Society Diary: Cake bake uptake, and cricket without boundaries

07 Aug 2015 Voices

Our weekly round-up of interesting and outlandish information, collected from the corners of the charity sector.

Our weekly round-up of interesting and outlandish information, collected from the corners of the charity sector.

Our sense of humour has not desserted us

So this week, Society Diary, in its role as a crucial barometer of the zeitgeist, is addressing only about things which begin with C – cakes, Camila Batmanghelidjh, cricket and street fundraisers.

Cakes first, though. Over on Social Charity Spy, our illustrious sister column, they are also publishing sumptuous images of gateaux and whatever, because it’s Great British Bake Off week, and that means a focus on do-gooding with pudding.
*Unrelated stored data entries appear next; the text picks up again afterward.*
theorem lemma2:
  assumes "binary_network V A X rho"
    and "tree_based V A X rho"
    and "C \<in> ug_components (J_vertices V A) (J_edges V A)"
  shows "(\<exists>ps. is_cycle_on C (J_edges V A) ps)
       \<or> (\<exists>ps. is_path_on C (J_edges V A) ps
              \<and> tree_vertex V A (hd ps) \<and> tree_vertex V A (last ps)
              \<and> \<not> omnian V A X (hd ps) \<and> \<not> omnian V A X (last ps))
       \<or> (\<exists>ps. is_path_on C (J_edges V A) ps
              \<and> tree_vertex V A (hd ps) \<and> tree_vertex V A (last ps)
              \<and> (omnian V A X (hd ps) \<longleftrightarrow> \<not> omnian V A X (last ps)))"
proof -
  interpret J: max_degree_2_graph "J_edges V A"
    using assms(1) by (rule binary_network_J_max_degree_2)
  obtain v where "C = {w. (v, w) \<in> J.adj\<^sup>*}"
    using assms(3) by (auto simp: ug_components_def)
  then consider (cycle) ps where "is_cycle_on C (J_edges V A) ps"
    | (path) ps where "is_path_on C (J_edges V A) ps"
    using J.component_path_or_cycle by blast
  then show ?thesis
  proof cases
    case (path ps)
    have closed: "\<forall>u\<in>C. \<forall>w. {u, w} \<in> J_edges V A \<longrightarrow> w \<in> C"
      using ug_components_edge_closed[OF assms(3)] .
    have sub: "C \<subseteq> J_vertices V A"
      using assms(3) by (rule ug_components_subset) (auto simp: doubleton_in_J_edges_iff J_vertices_def)
    obtain T where T: "base_tree V A X rho T"
      using assms(2) by (auto simp: tree_based_iff_base_tree)
    have "phylo_network V A X rho"
      using assms(1) by (simp add: binary_network_def)
    then have "tree_vertex V A u" if "u = hd ps \<or> u = last ps" for u
      using J_path_end_in_Q_t[OF assms(1) path closed sub that] by (rule Q_t_tree_vertex)
    moreover have "\<not> (omnian V A X (hd ps) \<and> omnian V A X (last ps))"
      by (rule J_path_ends_not_both_omnian[OF assms(1) T path closed sub])
    ultimately show ?thesis
      using path by blast
  qed blast
qed

end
We start with some news, cooked up by the Charities Aid Foundation, that apparently bake sales in Great Britain “helped raise an estimated £185m for charities last year”.

That’s a heap of dough. A big figure, with a lot of bagels in it.

Apparently 8 per cent of people have baked for charity, and 30 per cent of people have bought from a bake sale. Dough-based activities are being rolled out across the country. Charities are attempting to whip up their supporters into a self-raising frenzy.

Diary nicked that last pun off CAF, by the way, because this column is happy to steal freely from others – it doesn’t know right from meringue.

Picture imperfect

Just when you think it can’t get any worse for Camila Batmanghelidjh, it does. Not only is she no longer chief executive of Kids Company, but the National Portrait Gallery is apparently thinking of taking her picture down. Talk about kicking someone when they’re down.

How to avoid fundraisers


Things have been pretty bad for a while now in the fundraising world, but you know that things are going badly when a national newspaper feels inclined to publish a long article containing advice on how to avoid fundraisers in the street, as Metro did the other day. (Metro used the C-word, by the way, but Diary will not stoop to obscenity.)

The advice was pretty revolutionary, though. Pretend to be foreign, cross the road, wear big headphones and pretend to be deaf. Genius. They missed out “stick your underpants on your head and two pencils up your nose and pretend to be mad” – but maybe it was done in too much of a hurry to think up such an in-depth plan.

Cricket without Boundaries

Diary, as you’ve probably worked out by now, has a passing fancy for our summer sport, and so would like to draw your attention to a fine charity called Cricket Without Boundaries.

Anyway, Diary hears that the Australian cricket team’s first innings at Trent Bridge was played in their honour.